DATA IN THIS EXERCISE:
====
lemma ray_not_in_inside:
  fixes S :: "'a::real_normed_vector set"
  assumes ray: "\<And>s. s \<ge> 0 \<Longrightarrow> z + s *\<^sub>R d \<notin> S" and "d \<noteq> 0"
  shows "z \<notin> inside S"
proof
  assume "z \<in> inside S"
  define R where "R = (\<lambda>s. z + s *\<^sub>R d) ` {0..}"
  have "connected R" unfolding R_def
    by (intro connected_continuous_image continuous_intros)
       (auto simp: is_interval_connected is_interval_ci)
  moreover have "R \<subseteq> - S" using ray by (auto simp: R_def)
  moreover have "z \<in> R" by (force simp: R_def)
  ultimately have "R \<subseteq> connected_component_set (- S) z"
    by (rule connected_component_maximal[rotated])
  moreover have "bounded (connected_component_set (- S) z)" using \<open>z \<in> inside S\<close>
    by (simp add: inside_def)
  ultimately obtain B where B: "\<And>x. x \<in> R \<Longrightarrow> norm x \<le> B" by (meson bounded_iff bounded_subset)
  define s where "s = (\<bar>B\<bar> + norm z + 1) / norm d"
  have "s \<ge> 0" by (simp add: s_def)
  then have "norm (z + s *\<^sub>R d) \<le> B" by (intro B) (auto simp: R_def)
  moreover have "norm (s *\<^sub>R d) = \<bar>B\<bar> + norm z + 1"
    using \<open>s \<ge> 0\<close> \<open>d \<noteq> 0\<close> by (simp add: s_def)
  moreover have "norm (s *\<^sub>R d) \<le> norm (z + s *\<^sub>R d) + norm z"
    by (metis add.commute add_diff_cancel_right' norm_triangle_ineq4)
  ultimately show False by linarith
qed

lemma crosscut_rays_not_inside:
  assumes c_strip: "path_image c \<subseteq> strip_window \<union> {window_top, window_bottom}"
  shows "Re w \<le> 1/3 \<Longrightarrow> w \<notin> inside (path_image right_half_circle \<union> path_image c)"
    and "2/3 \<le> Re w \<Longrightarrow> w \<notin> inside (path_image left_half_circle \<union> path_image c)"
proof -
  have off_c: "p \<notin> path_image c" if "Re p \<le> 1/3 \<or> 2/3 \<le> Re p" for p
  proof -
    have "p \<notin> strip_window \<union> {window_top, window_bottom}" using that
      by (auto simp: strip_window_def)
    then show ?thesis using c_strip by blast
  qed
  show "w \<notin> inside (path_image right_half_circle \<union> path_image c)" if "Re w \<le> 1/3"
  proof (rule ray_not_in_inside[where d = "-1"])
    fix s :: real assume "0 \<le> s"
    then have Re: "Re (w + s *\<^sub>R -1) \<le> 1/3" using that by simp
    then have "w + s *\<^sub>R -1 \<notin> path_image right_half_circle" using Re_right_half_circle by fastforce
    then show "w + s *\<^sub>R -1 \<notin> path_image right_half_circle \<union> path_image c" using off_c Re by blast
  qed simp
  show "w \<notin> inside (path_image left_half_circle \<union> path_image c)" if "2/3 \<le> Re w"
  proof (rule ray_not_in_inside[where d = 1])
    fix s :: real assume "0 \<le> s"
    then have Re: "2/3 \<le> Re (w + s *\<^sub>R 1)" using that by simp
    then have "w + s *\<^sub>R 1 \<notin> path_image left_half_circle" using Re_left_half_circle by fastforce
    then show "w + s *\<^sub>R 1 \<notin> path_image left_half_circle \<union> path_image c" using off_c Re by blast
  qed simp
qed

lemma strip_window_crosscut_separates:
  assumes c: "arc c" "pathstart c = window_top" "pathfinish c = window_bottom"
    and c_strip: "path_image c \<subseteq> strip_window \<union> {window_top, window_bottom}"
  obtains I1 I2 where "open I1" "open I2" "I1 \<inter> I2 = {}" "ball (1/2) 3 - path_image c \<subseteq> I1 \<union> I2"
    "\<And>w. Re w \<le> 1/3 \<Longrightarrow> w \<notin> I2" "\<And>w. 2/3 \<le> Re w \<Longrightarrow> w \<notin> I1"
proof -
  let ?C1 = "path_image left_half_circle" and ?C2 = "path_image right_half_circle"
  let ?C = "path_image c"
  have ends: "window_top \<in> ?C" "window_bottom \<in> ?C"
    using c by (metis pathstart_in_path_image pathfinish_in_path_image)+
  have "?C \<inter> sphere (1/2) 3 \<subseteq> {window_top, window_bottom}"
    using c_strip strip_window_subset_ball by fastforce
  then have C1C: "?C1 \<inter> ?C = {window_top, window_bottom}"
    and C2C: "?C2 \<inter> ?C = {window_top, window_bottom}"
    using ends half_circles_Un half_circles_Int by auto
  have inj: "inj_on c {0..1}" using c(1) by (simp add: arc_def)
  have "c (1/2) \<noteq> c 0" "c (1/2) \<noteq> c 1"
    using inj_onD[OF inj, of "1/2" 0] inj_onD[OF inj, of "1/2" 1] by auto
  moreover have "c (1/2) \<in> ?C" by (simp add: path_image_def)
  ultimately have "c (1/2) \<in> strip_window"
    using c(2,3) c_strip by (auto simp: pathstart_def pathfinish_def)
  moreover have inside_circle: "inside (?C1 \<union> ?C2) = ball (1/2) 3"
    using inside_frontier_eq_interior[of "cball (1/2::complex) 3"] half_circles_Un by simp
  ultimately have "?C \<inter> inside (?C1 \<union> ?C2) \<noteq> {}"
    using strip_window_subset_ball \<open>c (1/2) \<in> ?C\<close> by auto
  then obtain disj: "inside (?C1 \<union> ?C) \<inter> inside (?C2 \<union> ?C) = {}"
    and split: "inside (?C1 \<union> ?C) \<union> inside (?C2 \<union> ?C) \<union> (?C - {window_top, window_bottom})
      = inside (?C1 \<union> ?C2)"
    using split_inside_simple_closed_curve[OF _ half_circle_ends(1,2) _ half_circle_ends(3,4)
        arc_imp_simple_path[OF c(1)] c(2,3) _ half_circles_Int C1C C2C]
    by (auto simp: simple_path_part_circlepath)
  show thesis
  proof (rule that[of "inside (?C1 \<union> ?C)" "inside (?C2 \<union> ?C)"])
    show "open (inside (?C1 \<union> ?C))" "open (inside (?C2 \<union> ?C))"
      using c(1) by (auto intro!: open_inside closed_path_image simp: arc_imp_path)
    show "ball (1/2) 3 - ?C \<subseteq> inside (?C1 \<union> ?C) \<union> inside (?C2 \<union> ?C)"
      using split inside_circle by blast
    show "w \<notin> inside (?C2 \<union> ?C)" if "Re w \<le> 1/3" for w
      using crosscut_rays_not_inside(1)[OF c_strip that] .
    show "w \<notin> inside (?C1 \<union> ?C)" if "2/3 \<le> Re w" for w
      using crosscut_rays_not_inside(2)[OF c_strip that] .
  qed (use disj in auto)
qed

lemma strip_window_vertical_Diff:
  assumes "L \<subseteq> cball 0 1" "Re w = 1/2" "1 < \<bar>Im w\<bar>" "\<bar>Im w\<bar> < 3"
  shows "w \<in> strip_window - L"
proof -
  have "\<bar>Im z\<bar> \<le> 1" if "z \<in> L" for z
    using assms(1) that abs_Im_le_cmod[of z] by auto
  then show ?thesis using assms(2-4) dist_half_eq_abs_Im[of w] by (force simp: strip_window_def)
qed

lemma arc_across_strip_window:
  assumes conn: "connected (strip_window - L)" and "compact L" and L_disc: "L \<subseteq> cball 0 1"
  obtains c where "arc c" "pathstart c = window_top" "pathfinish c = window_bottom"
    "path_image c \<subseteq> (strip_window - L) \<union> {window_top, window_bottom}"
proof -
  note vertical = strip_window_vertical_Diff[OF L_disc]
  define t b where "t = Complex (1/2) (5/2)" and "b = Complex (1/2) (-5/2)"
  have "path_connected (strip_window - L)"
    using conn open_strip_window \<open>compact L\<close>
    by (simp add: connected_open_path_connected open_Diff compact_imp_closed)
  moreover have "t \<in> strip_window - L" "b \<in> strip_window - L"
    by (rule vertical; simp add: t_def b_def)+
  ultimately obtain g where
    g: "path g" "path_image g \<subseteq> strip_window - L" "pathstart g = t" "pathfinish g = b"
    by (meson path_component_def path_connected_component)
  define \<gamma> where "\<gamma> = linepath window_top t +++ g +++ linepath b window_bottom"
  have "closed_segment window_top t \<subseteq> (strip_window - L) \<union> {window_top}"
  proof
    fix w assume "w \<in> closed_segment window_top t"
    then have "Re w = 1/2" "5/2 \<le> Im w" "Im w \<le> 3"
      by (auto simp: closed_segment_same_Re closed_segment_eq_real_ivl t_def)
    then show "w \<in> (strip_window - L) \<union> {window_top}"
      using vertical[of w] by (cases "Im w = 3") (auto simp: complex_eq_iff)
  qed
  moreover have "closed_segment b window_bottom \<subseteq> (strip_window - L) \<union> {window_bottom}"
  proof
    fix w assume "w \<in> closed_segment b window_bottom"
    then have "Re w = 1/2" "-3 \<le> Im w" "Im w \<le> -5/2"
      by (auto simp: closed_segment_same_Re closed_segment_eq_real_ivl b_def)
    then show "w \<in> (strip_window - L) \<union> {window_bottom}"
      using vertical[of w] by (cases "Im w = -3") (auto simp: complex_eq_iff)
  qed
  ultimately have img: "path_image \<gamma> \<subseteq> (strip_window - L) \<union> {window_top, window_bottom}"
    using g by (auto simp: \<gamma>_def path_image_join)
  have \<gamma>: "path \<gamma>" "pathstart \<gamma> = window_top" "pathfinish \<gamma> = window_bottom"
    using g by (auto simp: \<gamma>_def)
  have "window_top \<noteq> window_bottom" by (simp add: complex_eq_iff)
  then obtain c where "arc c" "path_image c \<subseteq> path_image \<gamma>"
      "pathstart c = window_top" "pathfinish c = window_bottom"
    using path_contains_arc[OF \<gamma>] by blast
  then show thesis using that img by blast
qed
====
AIM OF THE TASK: The lines from the beginning of the records through the line containing "by (intro connected_continuous_image" should be reproduced exactly. Include nothing else.

EXPECTED ANSWER:
lemma ray_not_in_inside:
  fixes S :: "'a::real_normed_vector set"
  assumes ray: "\<And>s. s \<ge> 0 \<Longrightarrow> z + s *\<^sub>R d \<notin> S" and "d \<noteq> 0"
  shows "z \<notin> inside S"
proof
  assume "z \<in> inside S"
  define R where "R = (\<lambda>s. z + s *\<^sub>R d) ` {0..}"
  have "connected R" unfolding R_def
    by (intro connected_continuous_image continuous_intros)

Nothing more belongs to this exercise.